Addressing Hybrid Loopholes

The Turnbull Government is continuing to ensure multinationals pay their fair share of tax – today releasing revised exposure draft legislation to address hybrid mismatch arrangements.

Hybrid mismatches exploit the differences in tax jurisdictions.

This may occur, for example, where an amount is treated as interest in Australia, but is treated as a dividend in a foreign jurisdiction. Multinationals can use this mismatch to their advantage, to reduce the amount of tax they pay in Australia.

A mismatch can also occur where a deduction is available for the same payment in two or more jurisdictions.

The proposed rules are designed to prevent companies doubling up on taxation benefits. The rules will work by either denying deductions or including amounts in assessable income.

The exposure draft legislation implements the recommendations of the Organisation for Economic Co-operation and Development (OECD) reports Neutralising the Effects of Hybrid Mismatch Arrangements and Neutralising the Effects of Branch Mismatch Arrangements.

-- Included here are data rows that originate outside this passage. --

text \<open>Comparing the coefficients of X^(card S - 1) in the interpolation formula: the divided
  difference of a polynomial of degree at most card S - 2 vanishes.\<close>
lemma divided_difference_poly_eq_0:
  fixes g :: "'a::field poly"
  assumes "finite S" and "degree g + 2 \<le> card S"
  shows "divided_difference S (poly g) = 0"
proof -
  let ?n = "card S - 1"
  have lead: "coeff (node_poly (S - {r})) ?n = 1" if "r \<in> S" for r
    using assms(1) that lead_coeff_node_poly[of "S - {r}"] by (simp add: degree_node_poly)
  have "0 = coeff g ?n"
    using assms(2) by (simp add: coeff_eq_0)
  also have "\<dots> = (\<Sum>r\<in>S. poly g r / (\<Prod>s\<in>S - {r}. r - s) * coeff (node_poly (S - {r})) ?n)"
    by (subst lagrange_interpolation[OF assms(1)]) (use assms(2) in \<open>auto simp: coeff_sum\<close>)
  also have "\<dots> = divided_difference S (poly g)"
    unfolding divided_difference_def by (intro sum.cong refl) (simp only: lead mult_1_right)
  finally show ?thesis ..
qed

text \<open>At a node, the derivative of the node polynomial is the product of the differences to the
  other nodes (product rule; all other terms contain a vanishing factor).\<close>
lemma poly_pderiv_node_poly:
  fixes R :: "'a::idom set"
  assumes "finite R" and "r \<in> R"
  shows "poly (pderiv (node_poly R)) r = (\<Prod>s\<in>R - {r}. r - s)"
proof -
  have "poly (pderiv (node_poly R)) r = (\<Sum>a\<in>R. \<Prod>s\<in>R - {a}. r - s)"
    by (simp add: node_poly_def pderiv_prod poly_sum poly_prod pderiv_pCons)
  also have "\<dots> = (\<Prod>s\<in>R - {r}. r - s)"
    using assms by (subst sum.remove[of R r]) (auto intro!: sum.neutral)
  finally show ?thesis .
qed

lemma node_poly_factorization:
  fixes P :: "'a::idom poly"
  assumes "finite R" and "card R = degree P" and "\<forall>r\<in>R. poly P r = 0"
  shows "P = smult (lead_coeff P) (node_poly R)"
proof (rule poly_eqI_degree_lead_coeff[where n = "degree P" and A = R])
  show "coeff P (degree P) = coeff (smult (lead_coeff P) (node_poly R)) (degree P)"
    using lead_coeff_node_poly[of R] by (simp add: assms(2)[symmetric] degree_node_poly)
  show "poly P z = poly (smult (lead_coeff P) (node_poly R)) z" if "z \<in> R" for z
    using assms(1,3) that by (auto simp: poly_node_poly)
qed (use assms(2) in \<open>auto simp: degree_node_poly\<close>)

lemma sum_roots_div_pderiv_eq_0:
  fixes P g :: "'a::field poly"
  assumes "card R = degree P" and "\<forall>r\<in>R. poly P r = 0" and "degree g + 2 \<le> degree P"
  shows "(\<Sum>r\<in>R. poly g r / poly (pderiv P) r) = 0"
proof -
  have fin: "finite R" using assms(1,3) card.infinite by fastforce
  have lc: "lead_coeff P \<noteq> 0" using assms(3) by auto
  have "(\<Sum>r\<in>R. poly g r / poly (pderiv P) r)
      = (\<Sum>r\<in>R. poly g r / (lead_coeff P * (\<Prod>s\<in>R - {r}. r - s)))"
    by (intro sum.cong refl, subst node_poly_factorization[OF fin assms(1,2)])
       (simp add: pderiv_smult poly_pderiv_node_poly fin)
  also have "\<dots> = divided_difference R (poly g) / lead_coeff P"
    by (simp add: divided_difference_def sum_divide_distrib mult.commute)
  also have "\<dots> = 0"
    using divided_difference_poly_eq_0[OF fin] assms by simp
  finally show ?thesis .
qed

lemma sum_via_root_projection:
  fixes \<pi> :: "'b \<Rightarrow> 'a::field" and P g :: "'a poly"
  assumes "inj_on \<pi> F" and "card F = degree P" and "\<forall>x\<in>F. poly P (\<pi> x) = 0"
    and "degree g + 2 \<le> degree P"
    and "\<forall>x\<in>F. m x = poly g (\<pi> x) / poly (pderiv P) (\<pi> x)"
  shows "(\<Sum>x\<in>F. m x) = 0"
proof -
  have "(\<Sum>x\<in>F. m x) = (\<Sum>r\<in>\<pi> ` F. poly g r / poly (pderiv P) r)"
    using assms(1,5) by (simp add: sum.reindex)
  also have "\<dots> = 0"
    using assms(1-4) by (intro sum_roots_div_pderiv_eq_0) (auto simp: card_image)
  finally show ?thesis .
qed

lemma card_le_degree_via_root_projection:
  fixes \<pi> :: "'b \<Rightarrow> 'a::idom" and p :: "'a poly"
  assumes "inj_on \<pi> A" and "\<forall>x\<in>A. poly p (\<pi> x) = 0" and "p \<noteq> 0"
  shows "card A \<le> degree p"
proof -
  have "card A = card (\<pi> ` A)" using assms(1) by (simp add: card_image)
  also have "\<dots> \<le> card {t. poly p t = 0}"
    using assms(2,3) by (intro card_mono poly_roots_finite) auto
  also have "\<dots> \<le> degree p" using assms(3) by (rule card_poly_roots_bound)
  finally show ?thesis .
qed

lemma sum_odd_involution_eq_0:
  fixes h :: "'b \<Rightarrow> 'a::linordered_ab_group_add"
  assumes "\<forall>x\<in>F. \<sigma> x \<in> F \<and> \<sigma> (\<sigma> x) = x" and "\<forall>x\<in>F. h (\<sigma> x) = - h x"
  shows "(\<Sum>x\<in>F. h x) = 0"
proof -
  have "(\<Sum>x\<in>F. h x) = (\<Sum>x\<in>F. h (\<sigma> x))"
    using assms(1) by (intro sum.reindex_bij_witness[of _ \<sigma> \<sigma>]) auto
  also have "\<dots> = - (\<Sum>x\<in>F. h x)"
    using assms(2) by (simp add: sum_negf[symmetric])
  finally show ?thesis by simp
qed

lemma jac_det_from_derivative:
  assumes "(f has_derivative D) (at x)"
  shows "jac_det f x = fst (D (1, 0)) * snd (D (0, 1)) - fst (D (0, 1)) * snd (D (1, 0))"
  unfolding jac_det_def using frechet_derivative_at[OF assms] by (simp add: Let_def)

lemma jac_det_fold: "jac_det (lens_map Fold c) (x1, x2) = 2 * x2"
proof -
  have "lens_map Fold c = (\<lambda>x. (fst x, (snd x)^2))"
    by (rule ext) (auto split: prod.splits)
  moreover have "((\<lambda>x. (fst x, (snd x)^2)) has_derivative (\<lambda>h. (fst h, 2 * x2 * snd h))) (at (x1, x2))"
    by (auto intro!: derivative_eq_intros)
  ultimately show ?thesis by (simp add: jac_det_from_derivative)
qed

lemma jac_det_cusp: "jac_det (lens_map Cusp c) (x1, x2) = x1 + 3 * x2^2"
proof -
  have "lens_map Cusp c = (\<lambda>x. (fst x, fst x * snd x + (snd x)^3))"
    by (rule ext) (auto split: prod.splits)
  moreover have "((\<lambda>x. (fst x, fst x * snd x + (snd x)^3)) has_derivative
      (\<lambda>h. (fst h, x2 * fst h + x1 * snd h + 3 * x2^2 * snd h))) (at (x1, x2))"
    by (auto intro!: derivative_eq_intros simp: algebra_simps)
  ultimately show ?thesis by (simp add: jac_det_from_derivative)
qed

lemma jac_det_swallowtail:
  "jac_det (lens_map Swallowtail c) (x1, x2) = x2 + 2 * c * x1 + 4 * x1^3"
proof -
  have "lens_map Swallowtail c = (\<lambda>x. (fst x * snd x + c * (fst x)^2 + (fst x)^4, snd x))"
    by (rule ext) (auto split: prod.splits)
  moreover have "((\<lambda>x. (fst x * snd x + c * (fst x)^2 + (fst x)^4, snd x)) has_derivative
      (\<lambda>h. ((x2 + 2 * c * x1 + 4 * x1^3) * fst h + x1 * snd h, snd h))) (at (x1, x2))"
    by (auto intro!: derivative_eq_intros simp: algebra_simps power3_eq_cube)
  ultimately show ?thesis by (simp add: jac_det_from_derivative)
qed

lemma jac_det_elliptic:
  "jac_det (lens_map EllipticUmbilic c) (x1, x2) = 4 * c^2 - 36 * x1^2 - 36 * x2^2"
proof -
  have "lens_map EllipticUmbilic c =
      (\<lambda>x. (3 * (snd x)^2 - 3 * (fst x)^2 - 2 * c * fst x, 6 * fst x * snd x - 2 * c * snd x))"
    by (rule ext) (auto split: prod.splits)
  moreover have "((\<lambda>x. (3 * (snd x)^2 - 3 * (fst x)^2 - 2 * c * fst x,
        6 * fst x * snd x - 2 * c * snd x)) has_derivative
      (\<lambda>h. ((- 6 * x1 - 2 * c) * fst h + 6 * x2 * snd h, 6 * x2 * fst h + (6 * x1 - 2 * c) * snd h)))
      (at (x1, x2))"
    by (auto intro!: derivative_eq_intros simp: algebra_simps)
  ultimately show ?thesis
    by (simp add: jac_det_from_derivative algebra_simps power2_eq_square)
qed

lemma jac_det_hyperbolic:
  "jac_det (lens_map HyperbolicUmbilic c) (x1, x2) = 36 * x1 * x2 - c^2"
proof -
  have "lens_map HyperbolicUmbilic c = (\<lambda>x. (- 3 * (fst x)^2 - c * snd x, - 3 * (snd x)^2 - c * fst x))"
    by (rule ext) (auto split: prod.splits)
  moreover have "((\<lambda>x. (- 3 * (fst x)^2 - c * snd x, - 3 * (snd x)^2 - c * fst x)) has_derivative
      (\<lambda>h. (- 6 * x1 * fst h - c * snd h, - 6 * x2 * snd h - c * fst h))) (at (x1, x2))"
    by (auto intro!: derivative_eq_intros simp: algebra_simps)
  ultimately show ?thesis
    by (simp add: jac_det_from_derivative algebra_simps power2_eq_square)
qed

text \<open>Fold: the fibre is \<open>{(s1, t) | t^2 = s2}\<close>, and 1/J = 1/P'(x2) for P = X^2 - s2.\<close>
lemma magnification_sum_fold:
  assumes "card (lens_map Fold c -` {(s1, s2)}) = 2"
  shows "(\<Sum>x \<in> lens_map Fold c -` {(s1, s2)}. 1 / jac_det (lens_map Fold c) x) = 0"
proof (rule sum_via_root_projection[where \<pi> = snd and P = "[:- s2, 0, 1:]" and g = 1])
  show "inj_on snd (lens_map Fold c -` {(s1, s2)})"
    by (auto intro!: inj_onI)
qed (use assms in \<open>auto simp: jac_det_fold pderiv_pCons power2_eq_square\<close>)

text \<open>Cusp: x1 = s1 and x2 is a root of P = X^3 + s1 X - s2, with J = P'(x2).\<close>
lemma magnification_sum_cusp:
  assumes "card (lens_map Cusp c -` {(s1, s2)}) = 3"
  shows "(\<Sum>x \<in> lens_map Cusp c -` {(s1, s2)}. 1 / jac_det (lens_map Cusp c) x) = 0"
proof (rule sum_via_root_projection[where \<pi> = snd and P = "[:- s2, s1, 0, 1:]" and g = 1])
  show "inj_on snd (lens_map Cusp c -` {(s1, s2)})"
    by (auto intro!: inj_onI)
qed (use assms in \<open>auto simp: jac_det_cusp pderiv_pCons algebra_simps power2_eq_square power3_eq_cube\<close>)

text \<open>Swallowtail: x2 = s2 and x1 is a root of P = X^4 + c X^2 + s2 X - s1, with J = P'(x1).\<close>
lemma magnification_sum_swallowtail:
  assumes "card (lens_map Swallowtail c -` {(s1, s2)}) = 4"
  shows "(\<Sum>x \<in> lens_map Swallowtail c -` {(s1, s2)}. 1 / jac_det (lens_map Swallowtail c) x) = 0"
proof (rule sum_via_root_projection[where \<pi> = fst and P = "[:- s1, s2, c, 0, 1:]" and g = 1])
  show "inj_on fst (lens_map Swallowtail c -` {(s1, s2)})"
    by (auto intro!: inj_onI)
qed (use assms in \<open>auto simp: jac_det_swallowtail pderiv_pCons algebra_simps
                                  power2_eq_square power3_eq_cube power4_eq_xxxx\<close>)

text \<open>For c = 0 the reflection x1 \<mapsto> -x1 preserves every fibre and negates
  J = 36 x1 x2.  For c \<noteq> 0 the second coordinate is x2 = -(s1 + 3 x1^2)/c, x1 is a root of
  P = 27 X^4 + 18 s1 X^2 + c^3 X + 3 s1^2 + c^2 s2, and P'(x1) = -c J.\<close>
lemma magnification_sum_hyperbolic:
  assumes "card (lens_map HyperbolicUmbilic c -` {(s1, s2)}) = 4"
    and "\<forall>x \<in> lens_map HyperbolicUmbilic c -` {(s1, s2)}. jac_det (lens_map HyperbolicUmbilic c) x \<noteq> 0"
  shows "(\<Sum>x \<in> lens_map HyperbolicUmbilic c -` {(s1, s2)}. 1 / jac_det (lens_map HyperbolicUmbilic c) x) = 0"
proof (cases "c = 0")
  case True
  show ?thesis
    by (rule sum_odd_involution_eq_0[where \<sigma> = "\<lambda>(x1, x2). (- x1, x2)"])
       (auto simp: True jac_det_hyperbolic)
next
  case False
  let ?P = "[:3 * s1^2 + c^2 * s2, c^3, 18 * s1, 0, 27:]"
  show ?thesis
  proof (rule sum_via_root_projection[where \<pi> = fst and P = ?P and g = "[:- c:]"])
    show "inj_on fst (lens_map HyperbolicUmbilic c -` {(s1, s2)})"
      using False by (auto intro!: inj_onI)
    show "\<forall>x \<in> lens_map HyperbolicUmbilic c -` {(s1, s2)}. poly ?P (fst x) = 0"
    proof (clarify)
      fix x1 x2 assume "lens_map HyperbolicUmbilic c (x1, x2) = (s1, s2)"
      then have e: "s1 = - 3 * x1^2 - c * x2" "s2 = - 3 * x2^2 - c * x1" by auto
      show "poly ?P (fst (x1, x2)) = 0"
        unfolding e by (simp add: algebra_simps power2_eq_square power3_eq_cube power4_eq_xxxx)
    qed
    show "\<forall>x \<in> lens_map HyperbolicUmbilic c -` {(s1, s2)}.
        1 / jac_det (lens_map HyperbolicUmbilic c) x = poly [:- c:] (fst x) / poly (pderiv ?P) (fst x)"
    proof (clarify)
      fix x1 x2 assume "lens_map HyperbolicUmbilic c (x1, x2) = (s1, s2)"
      then have e: "s1 = - 3 * x1^2 - c * x2" by auto
      have "poly (pderiv ?P) x1 = - c * (36 * x1 * x2 - c^2)"
        unfolding e by (simp add: pderiv_pCons algebra_simps power2_eq_square power3_eq_cube)
      then show "1 / jac_det (lens_map HyperbolicUmbilic c) (x1, x2)
          = poly [:- c:] (fst (x1, x2)) / poly (pderiv ?P) (fst (x1, x2))"
        using False by (simp add: jac_det_hyperbolic)
    qed
  qed (use assms(1) in simp_all)
qed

It also puts into action a targeted integrity rule to address arrangements designed to circumvent the hybrid mismatch rules.

The hybrid mismatch rules will further strengthen Australia’s tax laws and are another example of the Turnbull Government’s action to shut down loopholes and tackle tax avoidance head on.

By ensuring that all taxpayers including multinationals pay their fair share of tax, we ensure the sustainability of our tax system so that we can fund the infrastructure and services needed by Australians.

The exposure draft of the legislation is on the Treasury website.